BEGIN

lemma path_word_iff_overlap:
  assumes S: "sa_setting M m k T" and "v \<in> int_vecs" and "set w \<subseteq> {1..m}"
  shows "path_word M m k T v w \<longleftrightarrow> word_map (matrix_inv M) k w ` T \<inter> (\<lambda>x. x + v) ` T \<noteq> {}"
  using assms(2,3)
proof (induction w arbitrary: v)
  case Nil
  then show ?case by (auto simp: nb_vertices_def Bset_def)
next
  case (Cons i w)
  let ?A = "matrix_inv M" and ?f = "word_map (matrix_inv M) k"
  have i: "i \<in> {1..m}" and w: "set w \<subseteq> {1..m}" using Cons.prems by auto
  show ?case
  proof
    assume "path_word M m k T v (i # w)"
    then obtain v' j where j: "j \<in> {1..m}" and v': "v' = M *v v + k j - k i" "v' \<in> nb_vertices T"
      and path: "path_word M m k T v' w"
      by (auto simp: nb_edge_def)
    have "v' \<in> int_vecs" using v'(2) by (simp add: nb_vertices_def)
    then obtain z t where z: "z \<in> T" and t: "t \<in> T" and zt: "?f w z = t + v'"
      using Cons.IH w path by blast
    have "?f (i # w) z = ?A *v (t + k j) + v"
      using zt v'(1) sa_edge_shift[OF S] by simp
    moreover have "?A *v (t + k j) \<in> T"
      using sa_attractor_iff[OF S] j t by blast
    ultimately show "?f (i # w) ` T \<inter> (\<lambda>x. x + v) ` T \<noteq> {}" using z by blast
  next
    assume "?f (i # w) ` T \<inter> (\<lambda>x. x + v) ` T \<noteq> {}"
    then obtain z t where z: "z \<in> T" and t: "t \<in> T" and zt: "?f (i # w) z = t + v" by auto
    obtain j s where j: "j \<in> {1..m}" and s: "s \<in> T" and ts: "t = ?A *v (s + k j)"
      using sa_attractor_iff[OF S] t by blast
    define v' where "v' = M *v v + k j - k i"
    have "?A *v (?f w z + k i) = ?A *v (s + v' + k i)"
      using zt ts sa_edge_shift[OF S] by (simp add: v'_def)
    then have "M *v (?A *v (?f w z + k i)) = M *v (?A *v (s + v' + k i))" by simp
    then have fz: "?f w z = s + v'"
      by (simp add: matrix_vector_mul_assoc sa_inverse[OF S])
    have "v' = M *v v + (k j - k i)" by (simp add: v'_def)
    moreover have "M *v v \<in> int_vecs"
      using S Cons.prems(1) by (intro int_vecs_mult) (simp_all add: sa_setting_def)
    ultimately have v'_int: "v' \<in> int_vecs"
      using int_vecs_add sa_digit_diff[OF S i j] by simp
    have "?f w z \<in> T" using sa_word_map_into_T[OF S w z] .
    then have v'_vertex: "v' \<in> nb_vertices T"
      using v'_int fz s by (auto simp: nb_vertices_def Bset_def)
    have path: "path_word M m k T v' w"
      using Cons.IH[OF v'_int w] fz s z by blast
    have "?f (i # w) z \<in> T" using sa_word_map_into_T[OF S Cons.prems(2) z] .
    then have "v \<in> nb_vertices T"
      using Cons.prems(1) zt t by (auto simp: nb_vertices_def Bset_def)
    then have "nb_edge M m k T v v' i"
      using v'_vertex i j unfolding nb_edge_def v'_def by blast
    then show "path_word M m k T v (i # w)" using path by auto
  qed
qed

lemma sa_inverse_eigenvalues:
  assumes S: "sa_setting M m k T" and ev: "is_eigenvalue (matrix_inv M) l"
  shows "norm l < 1"
proof -
  have "l \<noteq> 0" and "is_eigenvalue M (inverse l)"
    using is_eigenvalue_inverse[OF sa_inverse(1)[OF S] ev] by auto
  then have "1 < norm (inverse l)"
    using S unfolding sa_setting_def by blast
  then have "1 < inverse (norm l)" by (simp add: norm_inverse)
  then show ?thesis by (simp add: one_less_inverse_iff)
qed

(* Every point x of T lies in arbitrarily small pieces f_w(T): their diameters are at most
   C r^|w| diam T by powers_decay. *)
lemma sa_small_word_image:
  assumes S: "sa_setting M m k T" and x: "x \<in> T" and r: "0 < r"
  shows "\<exists>w. set w \<subseteq> {1..m} \<and> x \<in> word_map (matrix_inv M) k w ` T \<and>
    word_map (matrix_inv M) k w ` T \<subseteq> ball x r"
proof -
  let ?f = "word_map (matrix_inv M) k"
  have "bounded T" using S by (simp add: sa_setting_def compact_imp_bounded)
  then obtain R where R0: "0 < R" and R: "\<And>t. t \<in> T \<Longrightarrow> norm t \<le> R"
    by (auto simp: bounded_pos)
  obtain C q where Cq: "0 \<le> C" "0 < q" "q < 1"
    and contr: "\<And>p d. norm (((*v) (matrix_inv M) ^^ p) d) \<le> C * q ^ p * norm d"
    using powers_decay[OF sa_inverse_eigenvalues[OF S]] by blast
  define K where "K = C * (2 * R) + 1"
  have K0: "0 < K" using Cq R0 by (simp add: K_def add_nonneg_pos)
  obtain p where p: "q ^ p < r / K"
    using real_arch_pow_inv[of "r / K" q] r K0 Cq by auto
  obtain w z where w: "length w = p" "set w \<subseteq> {1..m}" and z: "z \<in> T" and xz: "x = ?f w z"
    using sa_word_cover[OF S x, of p] by blast
  have "?f w t \<in> ball x r" if t: "t \<in> T" for t
  proof -
    have "dist x (?f w t) = norm (((*v) (matrix_inv M) ^^ p) (z - t))"
      using word_map_diff[of "matrix_inv M" k w z t] w(1) xz by (simp add: dist_norm)
    also have "\<dots> \<le> C * q ^ p * norm (z - t)" by (rule contr)
    also have "\<dots> \<le> C * q ^ p * (2 * R)"
      using R[OF z] R[OF t] norm_triangle_ineq4[of z t] Cq by (intro mult_left_mono) auto
    also have "\<dots> \<le> K * q ^ p" using Cq by (simp add: K_def algebra_simps)
    also have "\<dots> < K * (r / K)" using p K0 by (intro mult_strict_left_mono)
    also have "\<dots> = r" using K0 by simp
    finally show ?thesis by simp
  qed
  then show ?thesis using w(2) z xz by blast
qed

END

About this exercise => Output the lines above exactly, but only those between the line holding "by (auto simp: nb_edge_def)" and the line holding "using sa_attractor_iff[OF S] j", inclusive.

Task response =>
      by (auto simp: nb_edge_def)
    have "v' \<in> int_vecs" using v'(2) by (simp add: nb_vertices_def)
    then obtain z t where z: "z \<in> T" and t: "t \<in> T" and zt: "?f w z = t + v'"
      using Cons.IH w path by blast
    have "?f (i # w) z = ?A *v (t + k j) + v"
      using zt v'(1) sa_edge_shift[OF S] by simp
    moreover have "?A *v (t + k j) \<in> T"
      using sa_attractor_iff[OF S] j t by blast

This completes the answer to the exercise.